FSCO arbitrator rules stoppage of benefits form invalid


DAILY NEWS Jun 10, 2013

An arbitrator for the Financial Services Commission of Ontario recently ruled that a form used in the past by auto carriers to notify claimants that their income replacement benefits are being stopped is confusing and unclear.


FSCO arbitrator Jessica Kowalski ruled June 5 that a claimant with Western Assurance Company who had income replacement stopped seven years ago may now proceed to arbitration.

She also ruled that a notice of stoppage of weekly benefits and request for assessment (Form OCF-17), dated July 29, 2004, is void.
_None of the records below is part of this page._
lemma curve_pt_rational_iff_alpha:
  fixes a b :: "'a::field"
  assumes "prime CHAR('a)" and "q = CHAR('a) ^ k" and "3 * m = q + 1" and "curve_pt_notO q m a b"
  defines "x \<equiv> alpha_pt m a"
  shows "(a ^ (q ^ 2) = a \<and> b ^ (q ^ 2) = b) \<longleftrightarrow> x ^ 2 - x + 1 = 0 \<or> x ^ q = x"
proof -
  define u where "u = a ^ m"
  have "a \<noteq> 0" and "1 + u \<noteq> 0" and b_curve: "b ^ (q + 1) = - (u ^ 2 + u)"
    using assms(4) by (simp_all add: curve_pt_notO_iff u_def)
  have "u \<noteq> 0"
    using \<open>a \<noteq> 0\<close> by (simp add: u_def)
  have "- (u ^ 2 + u) = - (u * (1 + u))"
    by (simp add: algebra_simps power2_eq_square)
  then have "- (u ^ 2 + u) \<noteq> 0"
    using \<open>u \<noteq> 0\<close> \<open>1 + u \<noteq> 0\<close> by simp
  then have "b \<noteq> 0"
    unfolding b_curve[symmetric] by (rule contrapos_nn) simp
  have "q > 0"
    using assms(1,2) prime_gt_0_nat by simp
  have "(a ^ (q + 1)) ^ (q - 1) = (u ^ (q - 1)) ^ 3"
    unfolding assms(3)[symmetric] u_def by (simp only: power_mult[symmetric] ac_simps)
  then have "a ^ (q ^ 2) = a \<longleftrightarrow> (u ^ (q - 1)) ^ 3 = 1"
    using power_square_eq_self_iff[OF \<open>a \<noteq> 0\<close> \<open>q > 0\<close>] by simp
  moreover have "b ^ (q ^ 2) = b \<longleftrightarrow> (u ^ 2 + u) ^ q = u ^ 2 + u"
  proof -
    have "b ^ (q ^ 2) = b \<longleftrightarrow> (- (u ^ 2 + u)) ^ (q - 1) = 1"
      using power_square_eq_self_iff[OF \<open>b \<noteq> 0\<close> \<open>q > 0\<close>] by (simp only: b_curve)
    also have "\<dots> \<longleftrightarrow> (- (u ^ 2 + u)) ^ q = - (u ^ 2 + u)"
      using power_eq_self_iff[OF \<open>- (u ^ 2 + u) \<noteq> 0\<close> \<open>q > 0\<close>] by simp
    also have "\<dots> \<longleftrightarrow> (u ^ 2 + u) ^ q = u ^ 2 + u"
      by (simp only: freshmans_dream_minus[OF assms(1,2)] neg_equal_iff_equal)
    finally show ?thesis .
  qed
  ultimately have "(a ^ (q ^ 2) = a \<and> b ^ (q ^ 2) = b) \<longleftrightarrow> u ^ 2 + u + 1 = 0 \<or> u ^ q = u"
    using Frobenius_quadratic_fixed_iff[OF assms(1,2) \<open>u \<noteq> 0\<close> \<open>1 + u \<noteq> 0\<close>] by simp
  moreover have "x = u / (1 + u)"
    by (simp add: x_def alpha_pt_def u_def)
  ultimately show ?thesis
    using divide_one_plus_quadratic_eq_0_iff[OF \<open>1 + u \<noteq> 0\<close>]
      Frobenius_fixed_divide_one_plus_iff[OF assms(1,2) \<open>1 + u \<noteq> 0\<close>] by simp
qed

section \<open>The Moebius transformation behind the \<P>-order\<close>

definition moebius :: "'a::field \<Rightarrow> 'a \<Rightarrow> 'a" where
  "moebius z x = (x + z) / (x + z ^ 2)"

context
  fixes z :: "'a::field"
  assumes z_cube: "z ^ 3 = 1" and z_ne_1: "z \<noteq> 1"
begin

lemma cube_root_neq: "z \<noteq> 0" "z ^ 2 \<noteq> z" "z ^ 2 \<noteq> 1"
proof -
  show "z \<noteq> 0"
    using z_cube by auto
  have "z ^ 3 = z * z ^ 2"
    by (simp add: power2_eq_square power3_eq_cube)
  then show "z ^ 2 \<noteq> 1"
    using z_cube z_ne_1 by auto
  show "z ^ 2 \<noteq> z"
    using \<open>z \<noteq> 0\<close> z_ne_1 by (simp add: power2_eq_square)
qed

lemma quadratic_eq_cube_root_factors: "x ^ 2 - x + 1 = (x + z) * (x + z ^ 2)"
proof -
  have "z ^ 2 + z = - 1"
    using cube_root_unity_sum[OF z_cube z_ne_1] by (simp add: eq_neg_iff_add_eq_0)
  have "(x + z) * (x + z ^ 2) = x ^ 2 + (z ^ 2 + z) * x + z ^ 3"
    by (simp add: algebra_simps power2_eq_square power3_eq_cube)
  also have "\<dots> = x ^ 2 - x + 1"
    using \<open>z ^ 2 + z = - 1\<close> z_cube by simp
  finally show ?thesis ..
qed

lemma cube_root_power_eq_square:
  assumes "3 * m = q + 1"
  shows "z ^ q = z ^ 2"
proof -
  have "z ^ q * z = (z ^ 3) ^ m"
    by (simp only: power_Suc2[symmetric] Suc_eq_plus1 assms[symmetric] power_mult)
  also have "\<dots> = z ^ 2 * z"
    using z_cube by (simp flip: power_Suc2)
  finally show ?thesis
    using cube_root_neq by simp
qed

lemma Ppoly_eq_0_iff_moebius:
  assumes "(3::'a) \<noteq> 0" and "x \<notin> {0, 1, -z, -(z ^ 2)}"
  shows "Ppoly z n x = 0 \<longleftrightarrow> moebius z x ^ (3 * n) = 1"
proof -
  have "3 * (z - z ^ 2) * x * (x - 1) \<noteq> 0" and "x + z ^ 2 \<noteq> 0"
    using assms cube_root_neq by (auto simp: add_eq_0_iff)
  then show ?thesis
    by (simp add: Ppoly_def moebius_def power_divide)
qed

lemma moebius_nonzero_and_cube_ne_1:
  assumes "x \<notin> {0, 1, -z, -(z ^ 2)}"
  shows "moebius z x \<noteq> 0" and "moebius z x ^ 3 \<noteq> 1"
proof -
  have "x + z \<noteq> 0" and den: "x + z ^ 2 \<noteq> 0"
    using assms by (auto simp: add_eq_0_iff)
  then show "moebius z x \<noteq> 0"
    by (simp add: moebius_def)
  show "moebius z x ^ 3 \<noteq> 1"
  proof
    assume "moebius z x ^ 3 = 1"
    moreover have "x + z = moebius z x * (x + z ^ 2)"
      using den by (simp add: moebius_def)
    ultimately consider "x + z = x + z ^ 2" | "x + z = z * (x + z ^ 2)" | "x + z = z ^ 2 * (x + z ^ 2)"
      using cube_roots_unity_cases[OF z_cube z_ne_1] by force
    then show False
    proof cases
      case 1
      then show False
        using cube_root_neq by simp
    next
      case 2
      have "z * (x + z ^ 2) = z * x + z ^ 3"
        by (simp add: algebra_simps power2_eq_square power3_eq_cube)
      with 2 have "(x - 1) * (1 - z) = 0"
        using z_cube by (simp add: algebra_simps)
      then show False
        using assms z_ne_1 by simp
    next
      case 3
      have "z ^ 2 * (x + z ^ 2) = z ^ 2 * x + z ^ 3 * z"
        by (simp add: algebra_simps power2_eq_square power3_eq_cube)
      with 3 have "x * (1 - z ^ 2) = 0"
        using z_cube by (simp add: algebra_simps)
      then show False
        using assms cube_root_neq by simp
    qed
  qed
qed

lemma moebius_inverse:
  assumes "t \<noteq> 0" and "t ^ 3 \<noteq> 1"
  defines "x \<equiv> (z - t * z ^ 2) / (t - 1)"
  shows "x \<notin> {0, 1, -z, -(z ^ 2)}" and "moebius z x = t"
proof -
  have "t \<noteq> 1" and "z - z ^ 2 \<noteq> 0"
    using assms(2) cube_root_neq by auto
  then have num: "x + z = t * (z - z ^ 2) / (t - 1)" and den: "x + z ^ 2 = (z - z ^ 2) / (t - 1)"
    by (simp_all add: x_def field_simps)
  then show "moebius z x = t"
    using \<open>t \<noteq> 1\<close> \<open>z - z ^ 2 \<noteq> 0\<close> by (simp add: moebius_def)
  have "x \<noteq> 0"
  proof
    assume "x = 0"
    then have "t * z ^ 2 = z"
      by (simp add: x_def \<open>t \<noteq> 1\<close>)
    then have "(t * z) ^ 3 = 1"
      using cube_root_neq z_cube by (simp add: power2_eq_square)
    then show False
      using assms(2) z_cube by (simp add: power_mult_distrib)
  qed
  moreover have "x \<noteq> 1"
  proof
    assume "x = 1"
    then have "z - t * z ^ 2 = t - 1"
      using \<open>t \<noteq> 1\<close> by (simp add: x_def field_simps)
    then have "t * (z ^ 2 + 1) = z + 1"
      by (simp add: algebra_simps)
    moreover have "z ^ 2 + 1 = - z" and "z + 1 = - (z * z)"
      using cube_root_unity_sum[OF z_cube z_ne_1] by (simp_all add: power2_eq_square eq_neg_iff_add_eq_0 add_ac)
    ultimately have "t * z = z * z"
      by simp
    then have "t = z"
      using cube_root_neq by simp
    then show False
      using assms(2) z_cube by simp
  qed
  ultimately show "x \<notin> {0, 1, -z, -(z ^ 2)}"
    using num den assms(1) \<open>t \<noteq> 1\<close> \<open>z - z ^ 2 \<noteq> 0\<close> by (auto simp: add_eq_0_iff)
qed

lemma inj_on_moebius: "inj_on (moebius z) (- {-(z ^ 2)})"
proof (rule inj_onI)
  fix x y
  assume "x \<in> - {-(z ^ 2)}" "y \<in> - {-(z ^ 2)}" and eq: "moebius z x = moebius z y"
  then have "x + z ^ 2 \<noteq> 0" "y + z ^ 2 \<noteq> 0"
    by (auto simp: add_eq_0_iff)
  with eq have "(x + z) * (y + z ^ 2) = (y + z) * (x + z ^ 2)"
    by (simp add: moebius_def frac_eq_eq)
  moreover have "(x + z) * (y + z ^ 2) - (y + z) * (x + z ^ 2) = (x - y) * (z ^ 2 - z)"
    by (simp add: algebra_simps)
  ultimately show "x = y"
    using cube_root_neq by simp
qed

lemma moebius_image: "moebius z ` (- {0, 1, -z, -(z ^ 2)}) = {t. t \<noteq> 0 \<and> t ^ 3 \<noteq> 1}"
proof (intro equalityI subsetI)
  fix t :: 'a
  assume "t \<in> {t. t \<noteq> 0 \<and> t ^ 3 \<noteq> 1}"
  then show "t \<in> moebius z ` (- {0, 1, -z, -(z ^ 2)})"
    using moebius_inverse[of t] by (intro image_eqI[where x = "(z - t * z ^ 2) / (t - 1)"]) auto
qed (use moebius_nonzero_and_cube_ne_1 in auto)

lemma has_P_order_iff_has_mult_order:
  assumes "(3::'a) \<noteq> 0" and "i > 0"
  shows "has_P_order z x i \<longleftrightarrow>
           x \<notin> {0, 1, -z, -(z ^ 2)} \<and> has_mult_order (moebius z x ^ 3) (i + 1)"
proof (cases "x \<in> {0, 1, -z, -(z ^ 2)}")
  case False
  have "moebius z x ^ 3 \<noteq> 1"
    using moebius_nonzero_and_cube_ne_1[OF False] by simp
  then show ?thesis
    using False assms(2) Ppoly_eq_0_iff_moebius[OF assms(1) False]
    by (simp add: has_P_order_def has_mult_order_Suc_iff power_mult del: One_nat_def)
qed (simp add: has_P_order_def)

lemma moebius_power_Suc_eq_1_iff:
  assumes "prime CHAR('a)" and "q = CHAR('a) ^ k" and "z ^ q = z ^ 2"
    and "x \<notin> {0, 1, -z, -(z ^ 2)}"
  shows "moebius z x ^ (q + 1) = 1 \<longleftrightarrow> x ^ q = x"
proof -
  note frob = freshmans_dream'[OF assms(1,2)]
  have "(z ^ 2) ^ q = (z ^ q) ^ 2"
    by (simp flip: power_mult add: mult.commute)
  also have "\<dots> = z ^ 3 * z"
    by (simp add: assms(3) flip: power_mult power_Suc2)
  finally have num: "(x + z) ^ q = x ^ q + z ^ 2" and den: "(x + z ^ 2) ^ q = x ^ q + z"
    using frob assms(3) z_cube by simp_all
  have "x + z \<noteq> 0" and "x + z ^ 2 \<noteq> 0"
    using assms(4) by (auto simp: add_eq_0_iff)
  then have "x ^ q + z \<noteq> 0"
    using den by (metis power_not_zero)
  have "moebius z x ^ (q + 1) = ((x + z) * (x ^ q + z ^ 2)) / ((x + z ^ 2) * (x ^ q + z))"
    by (simp add: moebius_def power_divide num den)
  then have "moebius z x ^ (q + 1) = 1 \<longleftrightarrow> (x + z) * (x ^ q + z ^ 2) = (x + z ^ 2) * (x ^ q + z)"
    using \<open>x ^ q + z \<noteq> 0\<close> \<open>x + z ^ 2 \<noteq> 0\<close> by simp
  also have "\<dots> \<longleftrightarrow> (x ^ q - x) * (z - z ^ 2) = 0"
    by (simp add: algebra_simps)
  also have "\<dots> \<longleftrightarrow> x ^ q = x"
    using cube_root_neq by simp
  finally show ?thesis .
qed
Western Assurance had argued that it was a valid stoppage form.

FSCO records indicate that the claimant, who was rear-ended in August 2001 by a dump truck, received income replacement  benefits to August 13, 2004. The previous month, he was given an OCF-17 form, which is no longer in use.

The issue is whether the July 29, 2004 OCF-17 was “sufficient to start the running of the two-year limitation period,” and if so, whether the claimant was barred by law from proceeding with his claim for income replacement. The carrier had argued that he was barred.
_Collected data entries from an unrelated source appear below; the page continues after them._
lemma canonical_or_deficient_after_removal:
  assumes fin: "finite I" and range: "\<forall>i\<in>I. P i < n"
    and load: "\<forall>b<n. sum sz (bin P I b) \<le> 1" and sorted: "class_sorted K I P" and "1 \<le> L"
    and others: "\<forall>b<n. b \<noteq> d \<longrightarrow> bin_demand L n b \<le> card (bin P I b)"
    and d: "d < n" "bin_demand L n d \<le> Suc (card (bin P I d))"
  shows "(\<exists>n'. canonical L sz K I P n') \<or> deficient L sz K I P n d"
proof -
  consider (emptied) "Suc d = n" "bin P I d = {}"
    | (filled) "bin_demand L n d \<le> card (bin P I d)"
    | (short) "Suc d < n" "card (bin P I d) + 1 = L"
  proof (cases "Suc d = n")
    case last: True
    show ?thesis
    proof (cases "bin P I d = {}")
      case True
      then show ?thesis using last by (intro that(1))
    next
      case False
      then have "1 \<le> card (bin P I d)" using fin by (simp add: Suc_le_eq card_gt_0_iff finite_bin)
      then show ?thesis using last by (intro that(2)) (simp add: bin_demand_def)
    qed
  next
    case not_last: False
    show ?thesis
    proof (cases "L \<le> card (bin P I d)")
      case True
      then show ?thesis using not_last by (intro that(2)) (simp add: bin_demand_def)
    next
      case False
      then show ?thesis using not_last d by (intro that(3)) (auto simp: bin_demand_def)
    qed
  qed
  then show ?thesis
  proof cases
    case emptied
    have "\<forall>i\<in>I. P i < n - 1"
    proof
      fix i assume "i \<in> I"
      then have "P i < n" "P i \<noteq> d" using range emptied(2) by (auto simp: bin_def)
      then show "P i < n - 1" using emptied(1) by simp
    qed
    moreover have "\<forall>b<n - 1. bin_demand L (n - 1) b \<le> card (bin P I b)"
    proof (intro allI impI)
      fix b assume "b < n - 1"
      then have "L \<le> card (bin P I b)" using others emptied(1) by (simp add: bin_demand_def)
      then show "bin_demand L (n - 1) b \<le> card (bin P I b)"
        using \<open>1 \<le> L\<close> by (simp add: bin_demand_def)
    qed
    ultimately have "canonical L sz K I P (n - 1)"
      using fin load sorted by (simp add: canonical_def)
    then show ?thesis by blast
  next
    case filled
    then have "canonical L sz K I P n"
      unfolding canonical_def using fin range load sorted others by (metis le_refl)
    then show ?thesis by blast
  next
    case short
    then show ?thesis using fin range load sorted others unfolding deficient_def by blast
  qed
qed

lemma obtain_last_costliest:
  fixes K :: "'a \<Rightarrow> real" and P :: "'a \<Rightarrow> 'b::linorder"
  assumes "finite A" "a \<in> A"
  obtains x where "x \<in> A" "\<forall>i\<in>A. K i \<le> K x" "\<forall>i\<in>A. P x < P i \<longrightarrow> K i < K x"
proof -
  define M where "M = Max (K ` A)"
  have M: "\<forall>i\<in>A. K i \<le> M" "M \<in> K ` A"
    using assms by (auto simp: M_def intro!: Max_in)
  define B where "B = P ` {i \<in> A. K i = M}"
  have "finite B" "B \<noteq> {}" using assms M(2) by (auto simp: B_def)
  then have "Max B \<in> B" by simp
  then obtain x where x: "x \<in> A" "K x = M" "P x = Max B" by (auto simp: B_def)
  have "K i < K x" if "i \<in> A" "P x < P i" for i
  proof -
    have "K i \<noteq> M"
    proof
      assume "K i = M"
      then have "P i \<in> B" using that by (auto simp: B_def)
      then show False using that x \<open>finite B\<close> by (simp add: leD)
    qed
    then show ?thesis using M(1) that x by force
  qed
  then show ?thesis using that x M(1) by blast
qed

section \<open>Items of one size class\<close>

text \<open>\<open>K\<close> assigns each item its cost class and \<open>L\<close> is the number of items demanded of every bin
  but the last: \<open>k\<close> while all sizes equal \<open>1/k\<close>, and \<open>k - 1\<close> otherwise.\<close>

locale size_class =
  fixes k L :: nat and sz cst K :: "nat \<Rightarrow> real"
  assumes k_pos: "1 \<le> k" and demand_cases: "L = k \<or> (L = k - 1 \<and> 2 \<le> k)"
    and class_gap: "\<And>a b. K a < K b \<Longrightarrow> 2 * K a \<le> K b"
begin

definition admissible :: "nat set \<Rightarrow> bool" where
  "admissible I \<longleftrightarrow> (\<forall>i\<in>I. in_class k (sz i) \<and> 0 \<le> cst i \<and> cst i \<le> K i)
      \<and> (L = k \<longrightarrow> (\<forall>i\<in>I. sz i = 1 / real k))"

lemma admissible_subset: "admissible J \<Longrightarrow> I \<subseteq> J \<Longrightarrow> admissible I"
  unfolding admissible_def by blast

lemma demand_pos: "1 \<le> L"
  using k_pos demand_cases by auto

lemma size_pos:
  assumes "admissible I" "i \<in> I"
  shows "0 < sz i"
proof -
  have "1 / real k \<le> sz i" using assms unfolding admissible_def in_class_def by blast
  moreover have "0 < 1 / real k" using k_pos by simp
  ultimately show ?thesis by linarith
qed

lemma load_mono: "admissible I \<Longrightarrow> A \<subseteq> B \<Longrightarrow> B \<subseteq> I \<Longrightarrow> finite B \<Longrightarrow> sum sz A \<le> sum sz B"
  using size_pos[of I] by (intro sum_mono2) (auto intro: less_imp_le)

lemma load_le_one:
  assumes "admissible I" "B \<subseteq> I" "finite B" "card B \<le> L"
  shows "sum sz B \<le> 1"
proof (cases "L = k")
  case True
  then have "\<forall>i\<in>B. sz i = 1 / real k"
    using assms(1,2) unfolding admissible_def by blast
  then have "sum sz B = real (card B) / real k" by simp
  also have "\<dots> \<le> 1" using assms(4) True k_pos by simp
  finally show ?thesis .
next
  case False
  then have k: "L = k - 1" "2 \<le> k" using demand_cases by auto
  have "\<forall>i\<in>B. sz i \<le> 1 / (real k - 1)"
    using assms(1,2) k unfolding admissible_def in_class_def by fastforce
  then have "sum sz B \<le> real (card B) * (1 / (real k - 1))"
    using sum_bounded_above[of B sz "1 / (real k - 1)"] by blast
  also have "\<dots> \<le> (real k - 1) * (1 / (real k - 1))"
    using assms(4) k by (intro mult_right_mono) auto
  also have "\<dots> = 1" using k by simp
  finally show ?thesis .
qed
The two-year limitation period she referred to is Section 281 of the Insurance Act, which states that a mediation, evaluation, court proceeding or arbitration “shall be commenced within two years after the insurer's refusal to pay the benefit claimed.”

Form OCF-17 included the reason the claimant's benefits were being stopped, as well as information on mediation and the right to arbitrate if mediation fails.

The main problem, Kowalski suggested, was part 5 of OCF-17, which is titled “applicant request and signature.” This is where the claimant was asked to sign the form, which notes the claimant disagrees with the stoppage of benefits and requests an assessment at a designated assessment centre (DAC) to determine whether he or she continues to have a disability that entitles the claimant to receive benefits.

“Rather than describing the DAC as an option available to the insured person, it tells an insured person that if he or she does not sign the portion of the form requesting an assessment by a DAC, then he or she cannot continue on to mediation or more if she or he disagrees with the stoppage of benefits,” Kowalski wrote. 

However, Kowalski noted the law did not require the claimant to request or attend a DAC before applying for mediation.

“While he had a right to request a DAC, it was not a prerequisite to disagreeing with the insurer's decision to stop benefits.”

Therefore, she wrote, Part 5 of OCF-17 “imposed a requirement on an insured person that was not required” by the Statutory Accident Benefits Schedule (SABS), the form “did not constitute a proper refusal” and therefore the two-year limitation period did not begin to run in July of 2004.

Quoting from the Supreme Court of Canada decision in 2002 in the case of Smith versus Co-operators General Insurance Company, Kowalski noted that when refusing benefits, insurers must “inform insured persons of the dispute resolution process in straightforward and clear language directed towards and unsophisticated person.”

The Supreme Court of Canada ruling was in the case of Bernadette Smith, who was in an accident in 1994. Her carrier stopped paying benefits in May, 1996. Mediation started in 1997 but failed, and she sued the carrier in 1998.

The carrier had asked for a ruling that Smith's claim was time-barred. This motion was granted in 1999 and upheld in 2000 by the Ontario Court of Appeal.

But the highest court in the land overturned that ruling, even though The Co-operators had used a form prescribed by the Commissioner of Insurance.

“The industry practice of using the form prescribed by the Commissioner cannot somehow be a substitute for conformity” with SABS, which requires that insurers refusing benefits shall inform the claimant of the dispute resolution process, Mr. Justice Charles Gonthier wrote on behalf of the majority of the Supreme Court of Canada at the time. “There is no indication that insurers are legally prevented from adding to the prescribed form so that it is in conformity with the legal requirements.”